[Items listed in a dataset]

(* Let $s,m$ be positive integers with $m$ odd, and let $n=sm$. Let $F\in\mathbb{F}_{2^s}[x]$ be a polynomial which, viewed as a function $\mathbb{F}_{2^n}\to\mathbb{F}_{2^n}$, is differentially $(1,4)$-uniform, i.e. $\delta_{F,1}=4$. Then for all $a,b\in\mathbb{F}_{2^s}$ with $a\neq 0$, the equation $F(x+a)+F(x)=b$ has no solution $x\in\mathbb{F}_{2^n}\setminus\mathbb{F}_{2^s}$.
   Context: For a function $F:\mathbb{F}_{p^n}\to\mathbb{F}_{p^n}$ and $c\in\mathbb{F}_{p^n}$, let ${}_c\Delta_F(a,b)=\#\{x\in\mathbb{F}_{p^n}: F(x+a)-cF(x)=b\}$, and the $c$-differential uniformity of $F$ is $\delta_{F,c}=\max\{{}_c\Delta_F(a,b): a,b\in\mathbb{F}_{p^n},\ a\neq 0 \text{ if } c=1\}$. $F$ is called differentially $(c,\delta)$-uniform if $\delta_{F,c}=\delta$. *)

theory Defs
  imports "HOL-Computational_Algebra.Polynomial"
begin

definition c_Delta :: "'a::{field,finite} \<Rightarrow> ('a \<Rightarrow> 'a) \<Rightarrow> 'a \<Rightarrow> 'a \<Rightarrow> nat" where
  "c_Delta c F a b = card {x. F (x + a) - c * F x = b}"

definition c_diff_uniformity :: "'a::{field,finite} \<Rightarrow> ('a \<Rightarrow> 'a) \<Rightarrow> nat" where
  "c_diff_uniformity c F = Max {c_Delta c F a b | a b. a \<noteq> 0 \<or> c \<noteq> 1}"

text \<open>The subfield of order q^s inside a finite field: roots of X^(q^s) - X.\<close>
definition subfield_pow :: "nat \<Rightarrow> nat \<Rightarrow> 'a::field set" where
  "subfield_pow q s = {x. x ^ (q ^ s) = x}"

end

theory Submission
  imports Defs "HOL-Computational_Algebra.Primes"
begin

text \<open>
  Let \<open>\<sigma> y = y ^ 2 ^ s\<close>. In characteristic 2 it is additive, commutes with \<open>F\<close> and fixes
  \<open>a\<close> and \<open>b\<close>, so the solution set of \<open>F (x + a) + F x = b\<close> is closed under \<open>\<sigma>\<close> and under
  \<open>x \<mapsto> x + a\<close>; moreover \<open>\<sigma>\<^sup>m = id\<close> on the field with \<open>2 ^ (s * m)\<close> elements. If \<open>\<sigma> x \<noteq> x\<close>,
  the elements \<open>x, \<sigma> x, \<sigma>\<^sup>2 x\<close> are distinct, since \<open>\<sigma>\<^sup>2 x = x\<close> and \<open>\<sigma>\<^sup>m x = x\<close> with \<open>m\<close> odd
  force \<open>\<sigma> x = x\<close>; and no \<open>\<sigma>\<^sup>i x\<close> equals \<open>\<sigma>\<^sup>j x + a\<close>, since \<open>\<sigma>\<^sup>r y = y + a\<close> would give
  \<open>y = \<sigma>\<^sup>r\<^sup>m y = y + m a = y + a\<close>. So there are six solutions, more than \<open>\<delta>\<^sub>F\<^sub>,\<^sub>1 = 4\<close> allows.
\<close>

lemma power_card_UNIV_eq_self:
  fixes x :: "'a::{field,finite}"
  shows "x ^ card (UNIV :: 'a set) = x"
proof (cases "x = 0")
  case False
  have "x * (\<Prod>y\<in>UNIV-{0}. x * y) = x * x ^ (card (UNIV :: 'a set) - 1) * \<Prod>(UNIV-{0})"
    by (simp add: prod.distrib mult_ac)
  also have "x * x ^ (card (UNIV :: 'a set) - 1) = x ^ card (UNIV :: 'a set)"
    using finite_UNIV_card_ge_0[where 'a = 'a] by (simp flip: power_Suc)
  also have "(\<Prod>y\<in>UNIV-{0}. x * y) = (\<Prod>y\<in>UNIV-{0}. y)"
    by (rule prod.reindex_bij_witness[of _ "\<lambda>y. y / x" "\<lambda>y. x * y"]) (use False in auto)
  finally show ?thesis
    by simp
qed (use finite_UNIV_card_ge_0[where 'a = 'a] in auto)

lemma CHAR_eq_2_if_card_eq_power_2:
  assumes "card (UNIV :: 'a::{field,finite} set) = 2 ^ n"
  shows "CHAR('a) = 2"
proof -
  have "n \<noteq> 0"
  proof
    assume "n = 0"
    then obtain z :: 'a where "UNIV = {z}"
      using assms card_1_singletonE by auto
    then show False
      by (metis UNIV_I singletonD zero_neq_one)
  qed
  then have "(-1 :: 'a) ^ card (UNIV :: 'a set) = 1"
    using assms by simp
  then have "of_nat 2 = (0 :: 'a)"
    using power_card_UNIV_eq_self[of "-1 :: 'a"] by simp
  then have "CHAR('a) dvd 2"
    by (simp only: of_nat_eq_0_iff_char_dvd)
  then show ?thesis
    using CHAR_not_1 two_is_prime_nat unfolding prime_nat_iff by (metis One_nat_def)
qed

lemma additive_power_CHAR_power:
  assumes "prime CHAR('a::comm_ring_1)"
  shows "additive (\<lambda>x::'a. x ^ (CHAR('a) ^ t))"
  by unfold_locales (rule freshmans_dream'[OF assms refl])

lemma poly_power_CHAR_power:
  fixes p :: "'a::comm_semiring_1 poly"
  assumes "prime CHAR('a)" and "\<forall>i. coeff p i ^ (CHAR('a) ^ t) = coeff p i"
  shows "poly p (x ^ (CHAR('a) ^ t)) = poly p x ^ (CHAR('a) ^ t)"
  using assms(2)
proof (induction p rule: pCons_induct)
  case (pCons c p)
  have "c ^ (CHAR('a) ^ t) = c"
    using pCons.prems by (metis coeff_pCons_0)
  moreover have "\<forall>i. coeff p i ^ (CHAR('a) ^ t) = coeff p i"
    using pCons.prems by (metis coeff_pCons_Suc)
  ultimately show ?case
    using pCons.IH by (simp add: freshmans_dream'[OF assms(1) refl] power_mult_distrib)
qed simp

lemma funpow_power_eq_power_power:
  fixes x :: "'a::monoid_mult"
  shows "((\<lambda>y. y ^ k) ^^ j) x = x ^ (k ^ j)"
  by (induction j) (simp_all add: power_mult power_Suc2 del: power_Suc)

lemma funpow_fixpoint:
  assumes "f x = x"
  shows "(f ^^ n) x = x"
  by (induction n) (simp_all add: assms)

lemma funpow_eq_self_if_funpow_2_eq_self:
  assumes "(f ^^ 2) x = x" and "(f ^^ m) x = x" and "odd m"
  shows "f x = x"
proof -
  obtain k where m: "m = Suc (2 * k)"
    using \<open>odd m\<close> by (metis oddE Suc_eq_plus1)
  have "(f ^^ (2 * k)) x = x"
    using funpow_fixpoint[of "f ^^ 2" x k, OF assms(1)] by (simp add: funpow_mult)
  then show ?thesis
    using assms(2) by (simp add: m)
qed

lemma additive_funpow:
  fixes g :: "'a::ab_group_add \<Rightarrow> 'a"
  assumes "additive g"
  shows "additive (g ^^ k)"
proof unfold_locales
  show "(g ^^ k) (x + y) = (g ^^ k) x + (g ^^ k) y" for x y
    by (induction k) (simp_all add: additive.add[OF assms])
qed

lemma funpow_additive_shift:
  fixes g :: "'a::ring_1 \<Rightarrow> 'a"
  assumes "additive g" and "g a = a" and "g y = y + a"
  shows "(g ^^ k) y = y + of_nat k * a"
  using assms(3)
proof (induction k arbitrary: y)
  case (Suc k)
  have "g (y + a) = (y + a) + a"
    using Suc.prems assms(2) by (simp add: additive.add[OF assms(1)])
  then have "(g ^^ k) (y + a) = y + a + of_nat k * a"
    by (rule Suc.IH)
  then show ?case
    using Suc.prems by (simp add: funpow_Suc_right algebra_simps del: funpow.simps)
qed simp

lemma of_nat_odd_eq_1_if_CHAR_2:
  assumes "CHAR('a::ring_1) = 2" and "odd m"
  shows "(of_nat m :: 'a) = 1"
proof -
  obtain k where "m = 2 * k + 1"
    using \<open>odd m\<close> by (rule oddE)
  moreover have "(2 :: 'a) = 0"
    using of_nat_CHAR[where 'a = 'a] assms(1) by simp
  ultimately show ?thesis
    by simp
qed

lemma funpow_ne_funpow_add:
  fixes \<sigma> :: "'a::ring_1 \<Rightarrow> 'a"
  assumes char: "CHAR('a) = 2" and add: "additive \<sigma>" and \<sigma>a: "\<sigma> a = a"
    and period: "\<And>y. (\<sigma> ^^ m) y = y" and "odd m" and "a \<noteq> 0"
  shows "(\<sigma> ^^ i) x \<noteq> (\<sigma> ^^ j) x + a"
proof -
  have no_shift: "(\<sigma> ^^ r) y \<noteq> y + a" for r y
  proof
    assume shift: "(\<sigma> ^^ r) y = y + a"
    have "((\<sigma> ^^ r) ^^ m) y = y"
      using funpow_fixpoint[of "\<sigma> ^^ m" y r] period by (simp add: funpow_mult mult.commute)
    moreover have "((\<sigma> ^^ r) ^^ m) y = y + of_nat m * a"
      using funpow_additive_shift[OF additive_funpow[OF add] funpow_fixpoint[of \<sigma>, OF \<sigma>a] shift] .
    ultimately show False
      using of_nat_odd_eq_1_if_CHAR_2[OF char \<open>odd m\<close>] \<open>a \<noteq> 0\<close> by simp
  qed
  show ?thesis
  proof (cases "i \<le> j")
    case True
    then have "(\<sigma> ^^ j) x = (\<sigma> ^^ (j - i)) ((\<sigma> ^^ i) x)"
      using funpow_add[of "j - i" i \<sigma>] by simp
    moreover have "- a = a"
      using char by (rule uminus_CHAR_2)
    ultimately show ?thesis
      using no_shift by (metis add_diff_cancel_right' diff_add_cancel diff_minus_eq_add)
  next
    case False
    then have "(\<sigma> ^^ i) x = (\<sigma> ^^ (i - j)) ((\<sigma> ^^ j) x)"
      using funpow_add[of "i - j" j \<sigma>] by simp
    then show ?thesis
      using no_shift by metis
  qed
qed

lemma inj_if_funpow_eq_id:
  assumes "\<And>y. (f ^^ m) y = y" and "m > 0"
  shows "inj f"
proof (rule injI)
  fix u v
  assume "f u = f v"
  then have "(f ^^ m) u = (f ^^ m) v"
    using \<open>m > 0\<close> by (cases m) (simp_all add: funpow_Suc_right del: funpow.simps)
  then show "u = v"
    using assms(1) by simp
qed

lemma difference_eq_shift_CHAR_2:
  fixes F :: "'a::ring_1 \<Rightarrow> 'a"
  assumes "CHAR('a) = 2" and "F (z + a) - F z = b"
  shows "F (z + a + a) - F (z + a) = b"
proof -
  have neg: "- u = u" for u :: 'a
    using assms(1) by (rule uminus_CHAR_2)
  then have "z + a + a = z"
    by (metis add.assoc add.right_inverse add_0_right)
  then have "F (z + a + a) - F (z + a) = - (F (z + a) - F z)"
    by (subst \<open>z + a + a = z\<close>) simp
  also have "\<dots> = b"
    using assms(2) neg[of b] by simp
  finally show ?thesis .
qed

lemma difference_eq_additive_commuting:
  fixes F \<sigma> :: "'a::ab_group_add \<Rightarrow> 'a"
  assumes "additive \<sigma>" and "\<And>y. F (\<sigma> y) = \<sigma> (F y)" and "\<sigma> a = a" and "\<sigma> b = b"
    and "F (z + a) - F z = b"
  shows "F (\<sigma> z + a) - F (\<sigma> z) = b"
  using assms(2)[of "z + a"] assms(2)[of z] assms(3-5)
  by (simp add: additive.add[OF assms(1)] flip: additive.diff[OF assms(1)])

lemma card_solutions_ge_6:
  fixes F \<sigma> :: "'a::{field,finite} \<Rightarrow> 'a"
  assumes char: "CHAR('a) = 2" and add: "additive \<sigma>" and comm: "\<And>y. F (\<sigma> y) = \<sigma> (F y)"
    and \<sigma>a: "\<sigma> a = a" and \<sigma>b: "\<sigma> b = b" and period: "\<And>y. (\<sigma> ^^ m) y = y" and "odd m"
    and \<sigma>x: "\<sigma> x \<noteq> x" and "a \<noteq> 0" and sol: "F (x + a) - F x = b"
  shows "6 \<le> card {z. F (z + a) - F z = b}"
proof -
  define S where "S = {z. F (z + a) - F z = b}"
  have orbit_in_S: "(\<sigma> ^^ i) x \<in> S" for i
    by (induction i) (use sol difference_eq_additive_commuting[where F = F, OF add comm \<sigma>a \<sigma>b] in \<open>auto simp: S_def\<close>)
  have shift_closed: "z + a \<in> S" if "z \<in> S" for z
    using difference_eq_shift_CHAR_2[OF char] that unfolding S_def by blast
  define orbit where "orbit = (\<lambda>i. (\<sigma> ^^ i) x) ` {0, 1, 2}"
  have orbit_eq: "orbit = {x, \<sigma> x, \<sigma> (\<sigma> x)}"
    by (simp add: orbit_def numeral_2_eq_2)
  have "\<sigma> (\<sigma> x) \<noteq> x"
    using funpow_eq_self_if_funpow_2_eq_self[of \<sigma> x m] period \<open>odd m\<close> \<sigma>x
    by (auto simp: numeral_2_eq_2)
  then have "card orbit = 3"
    using \<sigma>x inj_if_funpow_eq_id[OF period odd_pos[OF \<open>odd m\<close>]] by (auto simp: orbit_eq inj_eq)
  moreover have "card ((\<lambda>z. z + a) ` orbit) = card orbit"
    by (rule card_image) (simp add: inj_on_def)
  moreover have "orbit \<inter> (\<lambda>z. z + a) ` orbit = {}"
    unfolding orbit_def using funpow_ne_funpow_add[OF char add \<sigma>a period \<open>odd m\<close> \<open>a \<noteq> 0\<close>] by blast
  moreover have "orbit \<union> (\<lambda>z. z + a) ` orbit \<subseteq> S"
    unfolding orbit_def using orbit_in_S shift_closed by blast
  ultimately show ?thesis
    unfolding S_def[symmetric]
    by (metis card_Un_disjoint card_mono finite numeral_Bit0 finite_imageI)
qed

lemma c_Delta_le_c_diff_uniformity:
  fixes F :: "'a::{field,finite} \<Rightarrow> 'a"
  assumes "a \<noteq> 0 \<or> c \<noteq> 1"
  shows "c_Delta c F a b \<le> c_diff_uniformity c F"
  unfolding c_diff_uniformity_def
proof (rule Max_ge)
  have "{c_Delta c F a b |a b. a \<noteq> 0 \<or> c \<noteq> 1} \<subseteq> range (\<lambda>(a, b). c_Delta c F a b)"
    by auto
  then show "finite {c_Delta c F a b |a b. a \<noteq> 0 \<or> c \<noteq> 1}"
    by (rule finite_subset) simp
qed (use assms in blast)

theorem proposition2p1:
  fixes F :: "'a::{field,finite} poly" and s m n :: nat
  assumes "card (UNIV :: 'a set) = 2 ^ n" and "n = s * m" and "s > 0" and "m > 0" and "odd m"
    and "\<forall>i. coeff F i \<in> subfield_pow 2 s"
    and "c_diff_uniformity 1 (poly F) = 4"
  shows "\<forall>a \<in> subfield_pow 2 s. \<forall>b \<in> subfield_pow 2 s. a \<noteq> 0 \<longrightarrow>
           (\<forall>x. x \<notin> subfield_pow 2 s \<longrightarrow> poly F (x + a) + poly F x \<noteq> b)"
proof (intro ballI impI allI notI)
  fix a b x :: 'a
  assume "a \<in> subfield_pow 2 s" "b \<in> subfield_pow 2 s" "a \<noteq> 0" "x \<notin> subfield_pow 2 s"
    and "poly F (x + a) + poly F x = b"
  define \<sigma> where "\<sigma> y = y ^ (CHAR('a) ^ s)" for y :: 'a
  have char: "CHAR('a) = 2"
    using assms(1) by (rule CHAR_eq_2_if_card_eq_power_2)
  have "6 \<le> card {z. poly F (z + a) - poly F z = b}"
  proof (rule card_solutions_ge_6[OF char, of \<sigma> _ _ _ m])
    show "additive \<sigma>"
      using additive_power_CHAR_power[where 'a = 'a, of s] char by (simp add: \<sigma>_def[abs_def])
    show "poly F (\<sigma> y) = \<sigma> (poly F y)" for y
      using poly_power_CHAR_power[of F s y] assms(6) char by (simp add: \<sigma>_def subfield_pow_def)
    show "(\<sigma> ^^ m) y = y" for y
      using power_card_UNIV_eq_self[of y] assms(1,2) char
      by (simp add: \<sigma>_def[abs_def] funpow_power_eq_power_power power_mult)
  qed (use \<open>odd m\<close> \<open>a \<noteq> 0\<close> \<open>a \<in> _\<close> \<open>b \<in> _\<close> \<open>x \<notin> _\<close> \<open>poly F (x + a) + poly F x = b\<close> char in
      \<open>simp_all add: \<sigma>_def subfield_pow_def minus_CHAR_2\<close>)
  moreover have "card {z. poly F (z + a) - poly F z = b} \<le> c_diff_uniformity 1 (poly F)"
    using c_Delta_le_c_diff_uniformity[of a 1 "poly F" b] \<open>a \<noteq> 0\<close> by (simp add: c_Delta_def)
  ultimately show False
    using assms(7) by simp
qed

end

[What is required] In the entries above, the lines from the one bearing "unfolding orbit_def using funpow_ne_funpow_add[OF" up to and including the one bearing "proof (rule Max_ge)" should be transcribed exactly; no other line is wanted.

[Exercise output]
    unfolding orbit_def using funpow_ne_funpow_add[OF char add \<sigma>a period \<open>odd m\<close> \<open>a \<noteq> 0\<close>] by blast
  moreover have "orbit \<union> (\<lambda>z. z + a) ` orbit \<subseteq> S"
    unfolding orbit_def using orbit_in_S shift_closed by blast
  ultimately show ?thesis
    unfolding S_def[symmetric]
    by (metis card_Un_disjoint card_mono finite numeral_Bit0 finite_imageI)
qed

lemma c_Delta_le_c_diff_uniformity:
  fixes F :: "'a::{field,finite} \<Rightarrow> 'a"
  assumes "a \<noteq> 0 \<or> c \<noteq> 1"
  shows "c_Delta c F a b \<le> c_diff_uniformity c F"
  unfolding c_diff_uniformity_def
proof (rule Max_ge)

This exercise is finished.